Abstract
Applications In Statistics: What's Hot / What's Next VII, Statistics & Public Health
School of Public Health, University at Albany East Campus Rensselaer, NY
March 23, 2002
Indirect Small Area Estimation of Behavioral Risk Factors by Logistic Regression:
Application to Estimating ZIP Code-Level Smoking Rates in New York State
Glen D. Johnson
New York State Department of Health, Bureau of Environmental and Occupational Epidemiology, Geographic Research and Analysis Section
and
University at Albany, School of Public Health,
Department of Environmental Health and Toxicology
New York State Department of Health, Bureau of Chronic Disease Epidemiology and Surveillance, Diabetes Epidemiology and Surveillance Section
and
University at Albany, School of Public Health,
Department of Epidemiology
Recent demand for mapping behavioral health risk factors at the sub-county level has created a statistical challenge when there is no data available that relates individuals to a geographic unit smaller than their county of residence. In order to obtain sub-county estimates for mapping, we must develop a method of indirect estimation that takes advantage of surrogate variables. To this end, a two-stage method was developed. First, a logistic regression function is fit to statewide survey data in order to model the relationship between a risk factor and socio-demographic variables with respect to a particular study area, such as a state. Second, community-level prevalence of the risk factor is predicted for individual mapping units by applying the model to the same predictor variables that are, in turn, aggregated from census data within the desired mapping units.

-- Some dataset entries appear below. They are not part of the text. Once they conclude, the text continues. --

lemma exp_potential_drift:
  assumes n_pos: "n > 0"
    and edges: "E \<subseteq> {(k, l). k < l \<and> l < n}"
    and support: "set_pmf D \<subseteq> {Comp k | k. k < n} \<union> {Comm k l | k l. (k, l) \<in> E}"
    and uniform_comp: "\<forall>k<n. pmf D (Comp k) = p_comp D E / real n"
    and "\<theta> \<ge> 0" "\<tau> \<ge> 0"
  shows "(\<Sum>e\<in>set_pmf D. pmf D e * exp_potential n \<theta> (step \<tau> e Tv))
    \<le> (1 + p_comp D E / real n * (exp \<theta> - 1)
         + (2 * exp (\<theta> * \<tau>) - 1) * (2 * p_comm_max n D E / real n)) * exp_potential n \<theta> Tv"
proof -
  define \<Phi> where "\<Phi> = exp_potential n \<theta> Tv"
  define x where "x i = exp (\<theta> * Tv i)" for i
  define c where "c = 2 * exp (\<theta> * \<tau>) - 1"
  define \<beta> where "\<beta> = 2 * p_comm_max n D E / real n"
  have "1 \<le> exp (\<theta> * \<tau>)"
    using assms(5,6) by simp
  then have c_nonneg: "c \<ge> 0"
    unfolding c_def by linarith
  have "(\<Sum>k<n. pmf D (Comp k) * exp_potential n \<theta> (step \<tau> (Comp k) Tv))
      = (\<Sum>k<n. p_comp D E / real n * (\<Phi> + (exp \<theta> - 1) * x k))"
    by (intro sum.cong) (simp_all add: uniform_comp exp_potential_step_Comp \<Phi>_def x_def del: step.simps)
  also have "\<dots> = real n * (p_comp D E / real n) * \<Phi> + p_comp D E / real n * (exp \<theta> - 1) * (\<Sum>k<n. x k)"
    by (simp add: distrib_left sum.distrib sum_distrib_left[symmetric] sum_divide_distrib[symmetric] mult.assoc)
  finally have comp: "(\<Sum>k<n. pmf D (Comp k) * exp_potential n \<theta> (step \<tau> (Comp k) Tv))
      = p_comp D E * \<Phi> + p_comp D E / real n * (exp \<theta> - 1) * \<Phi>"
    using n_pos by (simp add: \<Phi>_def exp_potential_def x_def)
  have comm_pointwise: "pmf D (Comm k l) * exp_potential n \<theta> (step \<tau> (Comm k l) Tv)
      \<le> pmf D (Comm k l) * \<Phi> + c * (pmf D (Comm k l) * (x k + x l))" if "(k, l) \<in> E" for k l
  proof -
    have "k < n" "l < n" "k \<noteq> l"
      using edges that by auto
    then have "exp_potential n \<theta> (step \<tau> (Comm k l) Tv) \<le> \<Phi> + c * (x k + x l)"
      unfolding \<Phi>_def c_def x_def by (rule exp_potential_step_Comm_le)
    from mult_left_mono[OF this pmf_nonneg] show ?thesis
      by (simp add: algebra_simps)
  qed
  have "(\<Sum>(k, l)\<in>E. pmf D (Comm k l) * exp_potential n \<theta> (step \<tau> (Comm k l) Tv))
      \<le> (\<Sum>(k, l)\<in>E. pmf D (Comm k l) * \<Phi> + c * (pmf D (Comm k l) * (x k + x l)))"
    using comm_pointwise by (intro sum_mono) auto
  also have "\<dots> = p_comm D E * \<Phi> + c * (\<Sum>(k, l)\<in>E. pmf D (Comm k l) * (x k + x l))"
    by (simp add: p_comm_def split_def sum.distrib sum_distrib_left sum_distrib_right)
  also have "(\<Sum>(k, l)\<in>E. pmf D (Comm k l) * (x k + x l)) = (\<Sum>i<n. x i * (\<Sum>l<n. edge_prob D E i l))"
    by (rule sum_edges_endpoints[OF edges])
  also have "\<dots> \<le> (\<Sum>i<n. x i * \<beta>)"
    by (intro sum_mono mult_left_mono) (auto simp: x_def \<beta>_def sum_edge_prob_le_p_comm_max)
  also have "\<dots> = \<beta> * \<Phi>"
    by (simp add: \<Phi>_def exp_potential_def x_def sum_distrib_left mult.commute)
  finally have comm: "(\<Sum>(k, l)\<in>E. pmf D (Comm k l) * exp_potential n \<theta> (step \<tau> (Comm k l) Tv))
      \<le> p_comm D E * \<Phi> + c * (\<beta> * \<Phi>)"
    using c_nonneg by (simp add: mult_left_mono)
  show ?thesis
    using comp comm unfolding sum_set_pmf_events[OF edges support]
    by (simp add: \<Phi>_def c_def \<beta>_def p_comp_def algebra_simps)
qed

lemma measurable_total_time [measurable]:
  "(\<lambda>w. total_time n \<tau> w t) \<in> borel_measurable (stream_space (measure_pmf D))"
  unfolding total_time_def clocks_def by (rule borel_measurable_stake_measure_pmf)

lemma total_time_tail_le:
  fixes D :: "event pmf"
  defines "M \<equiv> stream_space (measure_pmf D)"
  assumes n_pos: "n > 0" and "\<theta> > 0" "\<rho> \<ge> 0" and fin: "finite (set_pmf D)"
    and drift: "\<And>Tv. (\<Sum>e\<in>set_pmf D. pmf D e * exp_potential n \<theta> (step \<tau> e Tv)) \<le> \<rho> * exp_potential n \<theta> Tv"
  shows "measure M {w \<in> space M. a \<le> total_time n \<tau> w t} \<le> real n * \<rho> ^ t / exp (\<theta> * a)"
proof -
  interpret prob_space M
    unfolding M_def by (rule prob_space.prob_space_stream_space[OF prob_space_measure_pmf])
  let ?V = "\<lambda>Tv. ennreal (exp_potential n \<theta> Tv)"
  have drift_nn: "(\<integral>\<^sup>+e. ?V (step \<tau> e Tv) \<partial>measure_pmf D) \<le> ennreal \<rho> * ?V Tv" for Tv
  proof -
    have "(\<integral>\<^sup>+e. ?V (step \<tau> e Tv) \<partial>measure_pmf D)
        = ennreal (\<Sum>e\<in>set_pmf D. pmf D e * exp_potential n \<theta> (step \<tau> e Tv))"
      using fin by (simp add: nn_integral_measure_pmf_finite sum_ennreal[symmetric] exp_potential_nonneg
          ennreal_mult'' mult.commute)
    also have "\<dots> \<le> ennreal (\<rho> * exp_potential n \<theta> Tv)"
      by (rule ennreal_leI) (rule drift)
    also have "\<dots> = ennreal \<rho> * ?V Tv"
      by (simp add: ennreal_mult'' exp_potential_nonneg)
    finally show ?thesis .
  qed
  have "emeasure M {w \<in> space M. a \<le> total_time n \<tau> w t}
      \<le> ennreal (exp (- \<theta> * a)) * (\<integral>\<^sup>+w. ennreal (exp (\<theta> * total_time n \<tau> w t)) * indicator (space M) w \<partial>M)"
    using \<open>\<theta> > 0\<close> by (intro Chernoff_ineq_nn_integral_ge) (simp_all add: M_def)
  also have "\<dots> \<le> ennreal (exp (- \<theta> * a))
      * (\<integral>\<^sup>+w. ?V (foldl (\<lambda>Tv e. step \<tau> e Tv) (\<lambda>_. 0) (stake t w)) \<partial>M)"
    using n_pos \<open>\<theta> > 0\<close>
    by (intro mult_left_mono nn_integral_mono) (auto simp: total_time_def clocks_def
        intro!: ennreal_leI exp_Max_le_exp_potential split: split_indicator)
  also have "\<dots> \<le> ennreal (exp (- \<theta> * a)) * (ennreal \<rho> ^ t * ?V (\<lambda>_. 0))"
    unfolding M_def by (intro mult_left_mono nn_integral_stream_foldl_le[where V = ?V] drift_nn) simp
  finally have "ennreal (measure M {w \<in> space M. a \<le> total_time n \<tau> w t})
      \<le> ennreal (exp (- \<theta> * a) * (\<rho> ^ t * real n))"
    using \<open>\<rho> \<ge> 0\<close> by (simp add: emeasure_eq_measure exp_potential_const_0 ennreal_power ennreal_mult'')
  then have "measure M {w \<in> space M. a \<le> total_time n \<tau> w t} \<le> exp (- \<theta> * a) * (\<rho> ^ t * real n)"
    using \<open>\<rho> \<ge> 0\<close> by (subst (asm) ennreal_le_iff) simp_all
  then show ?thesis
    by (simp add: exp_minus field_simps)
qed

lemma prob_total_time_le_tendsto_1:
  fixes D :: "event pmf"
  defines "M \<equiv> stream_space (measure_pmf D)"
  assumes n_pos: "n > 0" and "\<theta> > 0" and fin: "finite (set_pmf D)"
    and drift: "\<And>Tv. (\<Sum>e\<in>set_pmf D. pmf D e * exp_potential n \<theta> (step \<tau> e Tv)) \<le> \<rho> * exp_potential n \<theta> Tv"
    and rate: "\<rho> < exp (\<theta> * x)"
  shows "(\<lambda>t. measure M {w \<in> space M. total_time n \<tau> w t / real t \<le> x}) \<longlonglongrightarrow> 1"
proof -
  interpret prob_space M
    unfolding M_def by (rule prob_space.prob_space_stream_space[OF prob_space_measure_pmf])
  have [measurable]: "(\<lambda>w. total_time n \<tau> w t) \<in> borel_measurable M" for t
    unfolding M_def by (rule measurable_total_time)
  have "0 \<le> (\<Sum>e\<in>set_pmf D. pmf D e * exp_potential n \<theta> (step \<tau> e (\<lambda>_. 0)))"
    by (intro sum_nonneg mult_nonneg_nonneg pmf_nonneg exp_potential_nonneg)
  also have "\<dots> \<le> \<rho> * real n"
    using drift[of "\<lambda>_. 0"] by (simp add: exp_potential_const_0)
  finally have "\<rho> \<ge> 0"
    using n_pos by (simp add: zero_le_mult_iff)
  define r where "r = \<rho> / exp (\<theta> * x)"
  have r: "0 \<le> r" "r < 1"
    using \<open>\<rho> \<ge> 0\<close> rate by (auto simp: r_def)
  have bound: "1 - real n * r ^ t \<le> measure M {w \<in> space M. total_time n \<tau> w t / real t \<le> x}"
    if "t > 0" for t
  proof -
    let ?A = "{w \<in> space M. total_time n \<tau> w t / real t \<le> x}"
    have "space M - ?A \<subseteq> {w \<in> space M. x * real t \<le> total_time n \<tau> w t}"
      using that by (auto simp: not_le pos_less_divide_eq)
    then have "measure M (space M - ?A) \<le> measure M {w \<in> space M. x * real t \<le> total_time n \<tau> w t}"
      by (rule finite_measure_mono) measurable
    also have "\<dots> \<le> real n * \<rho> ^ t / exp (\<theta> * (x * real t))"
      unfolding M_def using n_pos \<open>\<theta> > 0\<close> \<open>\<rho> \<ge> 0\<close> fin drift by (rule total_time_tail_le)
    also have "\<dots> = real n * r ^ t"
      by (simp add: r_def power_divide exp_of_nat_mult[symmetric] ac_simps)
    moreover have "measure M (space M - ?A) = 1 - measure M ?A"
      by (intro prob_compl) measurable
    ultimately show ?thesis
      by simp
  qed
  have "(\<lambda>t. 1 - real n * r ^ t) \<longlonglongrightarrow> 1 - real n * 0"
    using r by (intro tendsto_intros) auto
  then have lim: "(\<lambda>t. 1 - real n * r ^ t) \<longlonglongrightarrow> 1"
    by simp
  have lower: "\<forall>\<^sub>F t in sequentially. 1 - real n * r ^ t \<le> measure M {w \<in> space M. total_time n \<tau> w t / real t \<le> x}"
    using eventually_gt_at_top[of 0] by eventually_elim (rule bound)
  show ?thesis
    by (rule tendsto_sandwich[OF lower _ lim tendsto_const]) simp
qed

lemma drift_factor_lt_exp:
  fixes a b \<tau> :: real
  assumes "a \<ge> 0" "b \<ge> 0" "a + b > 0" "\<tau> > 0" "\<tau> > 1 \<or> b < 2 * a"
  defines "\<theta> \<equiv> if \<tau> > 1 then 1 / \<tau> else 1"
  shows "1 + a * (exp \<theta> - 1) + (2 * exp (\<theta> * \<tau>) - 1) * b < exp (\<theta> * (23 * (a + \<tau> * b)))"
proof -
  have "0 < \<theta>" "\<theta> \<le> 1" "\<theta> * \<tau> \<le> 1"
    using \<open>\<tau> > 0\<close> by (simp_all add: \<theta>_def)
  then have "exp \<theta> - 1 \<le> \<theta> + \<theta> * \<theta>" "\<theta> * \<theta> \<le> \<theta>"
    using exp_bound[of \<theta>] mult_left_le[of \<theta> \<theta>] by (simp_all add: power2_eq_square)
  then have "exp \<theta> - 1 \<le> 2 * \<theta>"
    by linarith
  then have comp: "a * (exp \<theta> - 1) \<le> 2 * (\<theta> * a)"
    using \<open>a \<ge> 0\<close> mult_left_mono[of "exp \<theta> - 1" "2 * \<theta>" a] by (simp add: ac_simps)
  have "exp (\<theta> * \<tau>) \<le> 3"
    using \<open>\<theta> * \<tau> \<le> 1\<close> exp_le order.trans[of "exp (\<theta> * \<tau>)" "exp 1" 3] by simp
  then have comm: "(2 * exp (\<theta> * \<tau>) - 1) * b \<le> 5 * b"
    using \<open>b \<ge> 0\<close> mult_right_mono[of "2 * exp (\<theta> * \<tau>) - 1" 5 b] by simp
  have "a * (exp \<theta> - 1) + (2 * exp (\<theta> * \<tau>) - 1) * b < \<theta> * (23 * (a + \<tau> * b))"
  proof (cases "\<tau> > 1")
    case True
    then have "\<theta> * \<tau> = 1"
      by (simp add: \<theta>_def)
    then have rhs: "\<theta> * (23 * (a + \<tau> * b)) = 23 * (\<theta> * a) + 23 * b"
      by (simp add: algebra_simps)
    have "\<theta> * a \<ge> 0" "\<theta> * a > 0 \<or> b > 0"
      using assms(1-3) \<open>\<theta> > 0\<close> by auto
    then show ?thesis
      unfolding rhs using comp comm \<open>b \<ge> 0\<close> by linarith
  next
    case False
    then have "\<theta> = 1" "b < 2 * a"
      using assms(5) by (simp_all add: \<theta>_def)
    have "0 \<le> \<tau> * b"
      using \<open>\<tau> > 0\<close> \<open>b \<ge> 0\<close> by simp
    then have "2 * (\<theta> * a) + 5 * b < \<theta> * (23 * (a + \<tau> * b))"
      using \<open>b < 2 * a\<close> \<open>a \<ge> 0\<close> unfolding \<open>\<theta> = 1\<close> by (simp add: algebra_simps)
    then show ?thesis
      using comp comm by linarith
  qed
  then show ?thesis
    using exp_ge_add_one_self[of "\<theta> * (23 * (a + \<tau> * b))"] by linarith
qed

A mathematical argument is presented that justifies applying the model, whose parameters are fit using individuals in a statewide survey, to community-level aggregated population proportions. The method is then illustrated by fitting the model using the CDC-sponsored Behavioral Risk Factor Surveillance System (BRFSS) for New York State, then applying it to predicting smoking prevalence at the ZIP code level.